A seafood importer, Kendell Seafood Imports, can't skirt a more than $2.5 million bill for shipments of Chilean sea bass it ordered from fishing company Chilean Sea Bass Inc., the latter company said in an Aug. 16 complaint at the U.S. District Court for the District of Rhode Island. Since Kendell entered into a contract in good faith for over $5 million in sea bass for 2019-2020 and has only paid a fraction of that total price tag, the importer must pay the remainder of the bill, CSB said (Chilean Sea Bass Inc. v. Kendell Seafood Imports, Inc., D.R.I. #21-00337).
The Court of International Trade stayed proceedings in Stanley Black & Decker's case challenging the Section 232 steel and aluminum tariff expansion to include steel "derivative" products pending the PrimeSource Building Products v. U.S. case at the U.S. Court of Appeals for the Federal Circuit. In back-to-back orders on Aug. 18, the court also issued a preliminary injunction against Stanley's entries subject to the steel derivatives tariffs (Stanley Black & Decker v. U.S., CIT #21-00262). Seeing as the PrimeSource case is the case on the forefront of the Section 232 steel derivatives tariff question, resolution of Stanley's case will wait until its appeal is settled. "The ultimate resolution of the PrimeSource case will likely resolve this matter without the necessity of going to trial, or, alternatively, it may narrow the issues in dispute," Stanley's motion for the stay said (see 2108030067).
OtterBox's victory in a Court of International Trade case setting a lower duty rate in a customs challenge on smartphone covers cannot be extended to a prior disclosure made by OtterBox, CIT said in an Aug. 18 opinion. Judge Claire Kelly ruled that the court did not have the jurisdiction to make the determination that entries not part of the Summons of the case should be reliquidated.

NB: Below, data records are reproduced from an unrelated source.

(* Let $\mathbf a=(a_1,\dots,a_k)$ be a sequence of nonnegative integers and $1\le j\le k$. There is a bijection between $D_j(a_1,\dots,a_k)$ and $D_j^*(a_1,\dots,a_{j-1},a_j+1,a_{j+1},\dots,a_k)$.
   Context: For $\mathbf a=(a_1,\dots,a_k)$ with nonnegative integer entries summing to $n$, put $c_0=0$, $c_j=a_1+\dots+a_j$, and let the $j$-th block be $A_j=\{c_{j-1}+1,\dots,c_j\}$. Let $S_{\mathbf a}\subseteq S_n$ be the set of permutations $\pi$ of $[n]$ with $\pi_i>\pi_{i+1}$ whenever $i,i+1$ lie in the same block. A fixed point is an $i$ with $\pi_i=i$. $D_j(\mathbf a)$ is the set of permutations in $S_{\mathbf a}$ with no fixed point in $A_1\cup\dots\cup A_j$; $D^*_j(\mathbf a)$ is the set of permutations in $S_{\mathbf a}$ with no fixed point in $A_1\cup\dots\cup A_{j-1}$ but with a fixed point in $A_j$. *)

theory Defs
  imports "HOL-Combinatorics.Permutations"
begin

text \<open>A composition a = (a_1,...,a_k) is a list of naturals; blocks are 1-indexed.\<close>

definition partsum :: "nat list \<Rightarrow> nat \<Rightarrow> nat" where
  "partsum a j = sum_list (take j a)"

definition block :: "nat list \<Rightarrow> nat \<Rightarrow> nat set" where
  "block a j = {partsum a (j - 1) + 1 .. partsum a j}"

definition same_block :: "nat list \<Rightarrow> nat \<Rightarrow> nat \<Rightarrow> bool" where
  "same_block a i i' \<longleftrightarrow> (\<exists>j\<in>{1..length a}. i \<in> block a j \<and> i' \<in> block a j)"
lemma coeff_off_kernel:
  assumes s: "s \<in> Zvec (2*m)" "symp m r s \<noteq> (0::'k)"
  shows "c s = slope * symp m r s"
proof -
  have rbar: "rbar \<in> Zvec (2*m)" "symp m r rbar \<noteq> (0::'k)"
    by (simp_all add: Jmat_in_Zvec symp_r_rbar_nonzero)
  have "symp m r rbar * c s = symp m r s * c rbar"
  proof (cases "symp m r (vadd s rbar) = (0::'k)")
    case False
    then show ?thesis using coeff_cross[OF s rbar] by simp
  next
    case True
    \<comment> \<open>then s + 2 rbar lies off the kernel, and c is additive along rbar\<close>
    have rbar2: "vadd rbar rbar \<in> Zvec (2*m)" "symp m r (vadd rbar rbar) \<noteq> (0::'k)"
      using rbar by (simp_all add: vadd_in_Zvec symp_vadd_right)
    from True have "symp m r s = - (symp m r rbar :: 'k)"
      by (simp add: symp_vadd_right eq_neg_iff_add_eq_0)
    then have "symp m r (vadd s (vadd rbar rbar)) \<noteq> (0::'k)"
      using rbar by (simp add: symp_vadd_right)
    then have "symp m r (vadd rbar rbar) * c s = symp m r s * c (vadd rbar rbar)"
      using coeff_cross[OF s rbar2] by simp
    then show ?thesis
      using coeff_add[OF rbar rbar] rbar2 by (simp add: symp_vadd_right algebra_simps)
  qed
  then show ?thesis
    using rbar by (simp add: slope_def field_simps)
qed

Jorge Nobrega, chief executive of Achabal Technologies, was charged with conspiracy to violate the International Emergency Economic Powers Act and commit money laundering, according to an Aug. 16 complaint filed at the U.S. District Court for the Southern District of Florida. Nobrega was charged in particular with violating the sanctions on Venezuela by repairing Venezuelan Air Force combat aircraft without an authorization (United States of America v. Jorge Nobrega, S.D. Fla. #21-03590).